Factors driving wildfire extremes vary in space and time (Barbero et al. 2014), but it is unclear how best to account for this in a predictive model. Previous efforts have used year- or recognition-specific models, aggregating over space or time (Bermudez et al. 2009), temporally or spatially explicit models (Mendes et al. 2010), and spatial models with year as a covariate (Díaz-Avalos et al. 2016). Recently, rich spatiotemporal models have been described with linear, spatially constant, covariate effects (Serra et al. 2014a, b). However, linear, spatially constant effects are suboptimal over large spatial domains with nonlinear drivers (Fosberg 1978, Goodrick 2002, Preisler et al. 2004; Preisler and Westerling 2007, Balshi et al. 2009, Krawchuk et al. 2009, Pechony and Shindell 2009, Vilar et al. 2010, Woolford et al. 2011, 2014). For example, global wildfire probability shows a hump-shaped relationship with temperature and moisture (Moritz et al. 2012). Interactions among drivers also impose nonlinearity, e.g., in hot and dry climates fires are fuel limited (McLaughlin and Bowers 1982), but in cold and wet climates fires are energy limited (Krawchuk and Moritz 2011).
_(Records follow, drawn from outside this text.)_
(* Let $G$ be a finite, simple, connected $(q+1)$-regular graph with $q\ge 1$, with $n$ vertices and $m$ edges, let $a\in[0,1]$ and $b\in\mathbb R$, and let $\tilde{\mathbf U}$ be the generalized Grover matrix of $G$ with parameters $a,b$. Set $\eta=(1-q)a+b(q+1)$ and $\sigma=b((1-q)a+bq)$. Then the $2m$ eigenvalues of $\tilde{\mathbf U}$ (counted with multiplicity) are: the $2n$ values \[ \lambda=\frac{\mu\eta\pm\sqrt{\mu^2\eta^2-4\sigma}}{2}, \] where $\mu$ runs over the eigenvalues of $\mathbf P(G)$ (with multiplicity), and the $2(m-n)$ values $b$ and $-b$, each with multiplicity $m-n$.
   Context: $D(G)$ is the set of $2m$ arcs of $G$ (for each edge $uv$, both $(u,v)$ and $(v,u)$); for $e=(u,v)$, $o(e)=u$, $t(e)=v$, $e^{-1}=(v,u)$, and $d_v=\deg v$. The generalized Grover matrix $\tilde{\mathbf U}=(\tilde U_{ef})_{e,f\in D(G)}$ has $\tilde U_{ef}=(2/d_{t(f)}-1)a+b$ if $t(f)=o(e)$ and $f\ne e^{-1}$; $\tilde U_{ef}=(2/d_{t(f)}-1)a$ if $f=e^{-1}$; $0$ otherwise. $\mathbf P(G)$ has entries $P_{uv}=1/\deg u$ if $u,v$ adjacent and $0$ otherwise. *)

theory Defs
  imports "Jordan_Normal_Form.Char_Poly"
begin

definition simple_graph :: "nat \<Rightarrow> (nat \<Rightarrow> nat \<Rightarrow> bool) \<Rightarrow> bool" where
  "simple_graph n E \<longleftrightarrow> (\<forall>u v. E u v \<longrightarrow> u < n \<and> v < n) \<and>
     (\<forall>u v. E u v \<longrightarrow> E v u) \<and> (\<forall>u. \<not> E u u)"

definition connected_graph :: "nat \<Rightarrow> (nat \<Rightarrow> nat \<Rightarrow> bool) \<Rightarrow> bool" where
  "connected_graph n E \<longleftrightarrow> (\<forall>u<n. \<forall>v<n. E\<^sup>*\<^sup>* u v)"

definition deg :: "nat \<Rightarrow> (nat \<Rightarrow> nat \<Rightarrow> bool) \<Rightarrow> nat \<Rightarrow> nat" where
  "deg n E u = card {v. v < n \<and> E u v}"

definition regular_graph :: "nat \<Rightarrow> (nat \<Rightarrow> nat \<Rightarrow> bool) \<Rightarrow> nat \<Rightarrow> bool" where
  "regular_graph n E k \<longleftrightarrow> (\<forall>u<n. deg n E u = k)"

definition num_edges :: "nat \<Rightarrow> (nat \<Rightarrow> nat \<Rightarrow> bool) \<Rightarrow> nat" where
  "num_edges n E = card {{u, v} | u v. u < n \<and> v < n \<and> E u v}"

text \<open>The arcs D(G), in a fixed enumeration (the characteristic polynomial does not
  depend on the enumeration). An arc e = (u,v) has o(e) = u, t(e) = v.\<close>
definition arcs :: "nat \<Rightarrow> (nat \<Rightarrow> nat \<Rightarrow> bool) \<Rightarrow> (nat \<times> nat) list" where
  "arcs n E = [(u, v). u \<leftarrow> [0..<n], v \<leftarrow> [0..<n], E u v]"

definition gen_grover :: "nat \<Rightarrow> (nat \<Rightarrow> nat \<Rightarrow> bool) \<Rightarrow> real \<Rightarrow> real \<Rightarrow> real mat" where
  "gen_grover n E a b =
     (let A = arcs n E in
      mat (length A) (length A) (\<lambda>(i, j).
        let e = A ! i; f = A ! j; d = real (deg n E (snd f)) in
        if f = (snd e, fst e) then (2 / d - 1) * a
        else if snd f = fst e then (2 / d - 1) * a + b
        else 0))"

definition trans_mat :: "nat \<Rightarrow> (nat \<Rightarrow> nat \<Rightarrow> bool) \<Rightarrow> real mat" where
  "trans_mat n E = mat n n (\<lambda>(u, v). if E u v then 1 / real (deg n E u) else 0)"

end

theory Submission
  imports Defs
begin

(* Write the Grover matrix as U = alpha K L^T - b R, where K and L are the arc-origin and
   arc-terminus incidence matrices, R is the arc-reversal involution and
   alpha = (2 / (q + 1) - 1) a + b.  For z^2 <> b^2 the matrix N = z I + b R is invertible with
   inverse (z I - b R) / (z^2 - b^2), so the matrix determinant lemma reduces
   det (z I - U) = det (N - alpha K L^T) to an n x n determinant; since L^T K = (q + 1) P and
   L^T R K = (q + 1) I, this gives
     (z^2 - b^2)^n det (z I - U) = det N * prod_mu (z^2 - mu eta z + sigma).
   Conjugation by the diagonal matrix of arc orientations turns R into -R, so
   det N = det (z I - b R) and det N ^ 2 = det ((z^2 - b^2) I) = (z^2 - b^2)^(2m).  Hence the
   squares of the two monic polynomials in the theorem agree outside {b, -b}, so the polynomials
   are equal. *)

section \<open>Polynomials\<close>

lemma poly_eqI_cofinite:
  fixes p q :: "'a :: {idom, ring_char_0} poly"
  assumes "finite S" and "\<And>z. z \<notin> S \<Longrightarrow> poly p z = poly q z"
  shows "p = q"
proof (rule ccontr)
  assume "p \<noteq> q"
  then have "finite {z. poly (p - q) z = 0}" by (intro poly_roots_finite) simp
  moreover have "- S \<subseteq> {z. poly (p - q) z = 0}" using assms(2) by auto
  ultimately have "finite (UNIV :: 'a set)"
    using assms(1) by (metis finite_Un finite_subset Compl_partition)
  then show False using infinite_UNIV_char_0 by blast
qed

lemma monic_eq_if_square_eq:
  fixes p q :: "'a :: idom poly"
  assumes "monic p" and "monic q" and "p ^ 2 = q ^ 2"
  shows "p = q"
proof -
  have "(p - q) * (p + q) = 0"
    using assms(3) by (simp add: algebra_simps power2_eq_square)
  then consider "p = q" | "p = - q"
    by (auto simp: eq_neg_iff_add_eq_0)
  then show ?thesis
  proof cases
    case 2
    then have "(1 :: 'a) = - 1" using assms(1,2) by simp
    then have "q = - q" by (metis smult_1_left smult_minus_left)
    with 2 show ?thesis by simp
  qed
qed

lemma quadratic_eq_linear_factors:
  fixes A s w :: "'a :: field_char_0"
  assumes "w ^ 2 = A ^ 2 - 4 * s"
  shows "[:s, - A, 1:] = [:- ((A + w) / 2), 1:] * [:- ((A - w) / 2), 1:]"
proof -
  have "(A + w) / 2 * ((A - w) / 2) = (A ^ 2 - w ^ 2) / 4"
    by (simp add: field_simps power2_eq_square)
  also have "\<dots> = s" using assms by simp
  finally have "(A + w) / 2 * ((A - w) / 2) = s" .
  moreover have "(A + w) / 2 + (A - w) / 2 = A" by (simp add: field_simps)
  ultimately show ?thesis by (simp add: algebra_simps)
qed

section \<open>Determinants\<close>

lemma det_one_minus_mult_commute:
  fixes A B :: "'a :: idom mat"
  assumes A: "A \<in> carrier_mat p q" and B: "B \<in> carrier_mat q p"
  shows "det (1\<^sub>m p - A * B) = det (1\<^sub>m q - B * A)"
proof -
  define M where "M = four_block_mat (1\<^sub>m p) A B (1\<^sub>m q)"
  define X where "X = four_block_mat (1\<^sub>m p) (- A) (0\<^sub>m q p) (1\<^sub>m q)"
  have M: "M \<in> carrier_mat (p + q) (p + q)" and X: "X \<in> carrier_mat (p + q) (p + q)"
    unfolding M_def X_def using A B by auto
  have "det (1\<^sub>m p - A * B) = det (four_block_mat (1\<^sub>m p - A * B) (0\<^sub>m p q) B (1\<^sub>m q))"
    using A B by (subst det_four_block_mat_upper_right_zero[of _ p _ q]) auto
  also have "four_block_mat (1\<^sub>m p - A * B) (0\<^sub>m p q) B (1\<^sub>m q) = X * M"
    unfolding X_def M_def using A B by (subst mult_four_block_mat[of _ p p _ q _ q _ _ p _ q]) auto
  also have "det (X * M) = det (M * X)"
    using det_mult[OF X M] det_mult[OF M X] by (simp add: mult.commute)
  also have "M * X = four_block_mat (1\<^sub>m p) (0\<^sub>m p q) B (1\<^sub>m q - B * A)"
    unfolding X_def M_def using A B by (subst mult_four_block_mat[of _ p p _ q _ q _ _ p _ q]) auto
  also have "det \<dots> = det (1\<^sub>m q - B * A)"
    using A B by (subst det_four_block_mat_upper_right_zero[of _ p _ q]) auto
  finally show ?thesis .
qed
Prediction is also complicated by uncertainty in which distribution(s) to use to assign probabilities to extreme events. The generalized Pareto distribution (GPD) has frequently been used (Bermudez et al. 2009, Jiang and Zhuang 2011), but the GPD requires a threshold to delineate extreme events (Davison and Smith 1990, Coles 2014). The utility and validity of a threshold for extremes in a heterogeneous region is debatable (Tedim et al. 2018). Recently proposed metastatistical extreme value (MEV) approaches do not require such a threshold, and are based on the statistical distribution of finite sample maxima, i.e., the probability distribution of the maximum value for a finite number of events (Marani and Ignaccolo 2015, Zorzetto et al. 2016). In the MEV framework, the occurrence and size of future events, and the parameters of their distributions are treated as random variables which together imply a distribution for extremes. This approach has roots in compound distributions (Dubey 1970, Wiitala 1999), doubly stochastic processes (Cox and Isham 1980), superstatistics (Beck and Cohen 2003), and the Bayesian posterior predictive distribution (Gelman et al. 2013). The link to Bayesian inference is particularly useful, as it provides an easy way to propagate uncertainty forward to to predictions of extremes (Coles et al. 2003).

Here, we extend the finite sample maximum approach to account for non-linear, spatially varying covariate effects with the goal of predicting extreme wildfire events from a statistical perspective across the contiguous United States. Specifically, we aim to predict occurrence (where and when), and magnitude (burned area) of large wildfires at a monthly time scale and regional spatial scale across the contiguous United States.

## Methods

### Data description

We acquired wildfire event data for the contiguous United States from the Monitoring Trends in Burn Severity (MTBS) program (Eidenshink et al. 2007), which includes spatiotemporal information on the occurrence of wildfires in the United States from 1984 to 2016. The MTBS data contain fires >1,000 acres (~405 ha) in the western U.S. and >500 acres (~202 ha) in the eastern U.S. For consistency across the United States, we discarded all records in the MTBS data <1,000 acres, retaining 10,736 fire events (Fig. 2A). Each event in the MTBS data has a discovery date, spatial point location, and final size.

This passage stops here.